Joint plans were announced in January 2022 by Nova Innovation and Quimper-based Sabella to each develop 6 MW of a 12 MW berth at the Morlais tidal stream project off the coast of Holy Island, Anglesey, North Wales. The first deployments were initially stated for 2023/24, but there have been no further announcements on this.

=== Proposed Òran na Mara Tidal Energy Project ===
In February 2021, Crown Estate Scotland granted Nova an option agreement to develop a 3 MW array in the Sound of Islay. The name Òran na Mara is Gaelic for "song of the sea", and the project would help power the famous distilleries on Islay.

=== Proposed Yell Sound project ===
In February 2022, Crown Estate Scotland granted Nova another option agreement, this time for a 15 MW array in Yell Sound in Shetland. It is claimed this project could meet a third of household electricity demand in Shetland once completed.

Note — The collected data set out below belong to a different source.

lemma finite_periodic_points:
  assumes "P > 0"
  shows "finite {x :: int \<Rightarrow> 'a::finite. shift_by P x = x}"
proof -
  let ?extend = "\<lambda>l::'a list. \<lambda>i. l ! nat (i mod P)"
  have extend: "x = ?extend (map (\<lambda>t. x (int t)) [0..<nat P])" if "shift_by P x = x" for x :: "int \<Rightarrow> 'a"
  proof
    fix i
    have "x i = shift_by (P * (- (i div P))) x i"
      using shift_by_period_mult[OF that] by metis
    also have "\<dots> = x (i mod P)"
      by (simp add: shift_by_apply minus_mult_div_eq_mod)
    finally show "x i = ?extend (map (\<lambda>t. x (int t)) [0..<nat P]) i"
      using assms by simp
  qed
  have "{x. shift_by P x = x} \<subseteq> ?extend ` {l. set l \<subseteq> UNIV \<and> length l = nat P}"
  proof
    fix x :: "int \<Rightarrow> 'a" assume "x \<in> {x. shift_by P x = x}"
    then have "x = ?extend (map (\<lambda>t. x (int t)) [0..<nat P])"
      using extend by blast
    moreover have "map (\<lambda>t. x (int t)) [0..<nat P] \<in> {l. set l \<subseteq> UNIV \<and> length l = nat P}"
      by simp
    ultimately show "x \<in> ?extend ` {l. set l \<subseteq> UNIV \<and> length l = nat P}"
      by blast
  qed
  moreover have "finite {l::'a list. set l \<subseteq> UNIV \<and> length l = nat P}"
    by (rule finite_lists_length_eq) simp
  ultimately show ?thesis
    using finite_subset by blast
qed

lemma finite_orbit_periodic_point:
  assumes "periodic_point y"
  shows "finite (range (\<lambda>n. shift_by n y))"
proof -
  obtain P where P: "P > 0" "shift_by P y = y"
    using assms unfolding periodic_point_def by blast
  have reduce: "shift_by n y = shift_by (n mod P) y" for n
    using shift_by_period_mult[OF P(2), of "n div P"]
    by (metis mod_mult_div_eq shift_by_shift_by)
  have "range (\<lambda>n. shift_by n y) \<subseteq> (\<lambda>j. shift_by j y) ` {0..<P}"
  proof
    fix z assume "z \<in> range (\<lambda>n. shift_by n y)"
    then obtain n where "z = shift_by n y"
      by blast
    moreover have "n mod P \<in> {0..<P}"
      using P(1) by simp
    ultimately show "z \<in> (\<lambda>j. shift_by j y) ` {0..<P}"
      using reduce[of n] by blast
  qed
  then show ?thesis
    using finite_subset by blast
qed

lemma periodic_points_infinite_imp_zero:
  fixes Z :: "(int \<Rightarrow> 'a::finite) set"
  assumes "infinite Z" "\<forall>x\<in>Z. shift_by n x = x"
  shows "n = 0"
proof (rule ccontr)
  assume "n \<noteq> 0"
  have "shift_by \<bar>n\<bar> x = x" if "x \<in> Z" for x
    using assms(2) that by (cases "0 \<le> n") (auto simp: shift_by_eq_iff)
  then have "Z \<subseteq> {x. shift_by \<bar>n\<bar> x = x}"
    by blast
  moreover have "finite {x :: int \<Rightarrow> 'a. shift_by \<bar>n\<bar> x = x}"
    using \<open>n \<noteq> 0\<close> by (intro finite_periodic_points) simp
  ultimately show False
    using assms(1) finite_subset by blast
qed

=== Feasibility study for Indonesian array ===
Looking further afield, Nova was awarded £200k from Innovate UK in 2021 to conduct a feasibility study into building an array in Indonesia. The project investigated a 7 MW array in the Larantuka Strait.

=== SEASTAR Project ===
In November 2023, the company announced it had been awarded Horizon Europe funding to develop a 4 MW array with 16 turbines at the EMEC Fall of Warness tidal test site, claiming this would be the largest number of turbines installed in a tidal stream array. These would each be 250 kW, scaled up from the existing 100 kW turbines used at Bluemull Sound.

The company is looking to raise £20m in investment, and is considering plans for an initial public offering in future.

In September 2024, Nova was awarded three Contracts for Difference in allocation round 6, to supply a total of 6 MW of electricity at £172/MWh for their SEASTAR and OCEANSTAR projects.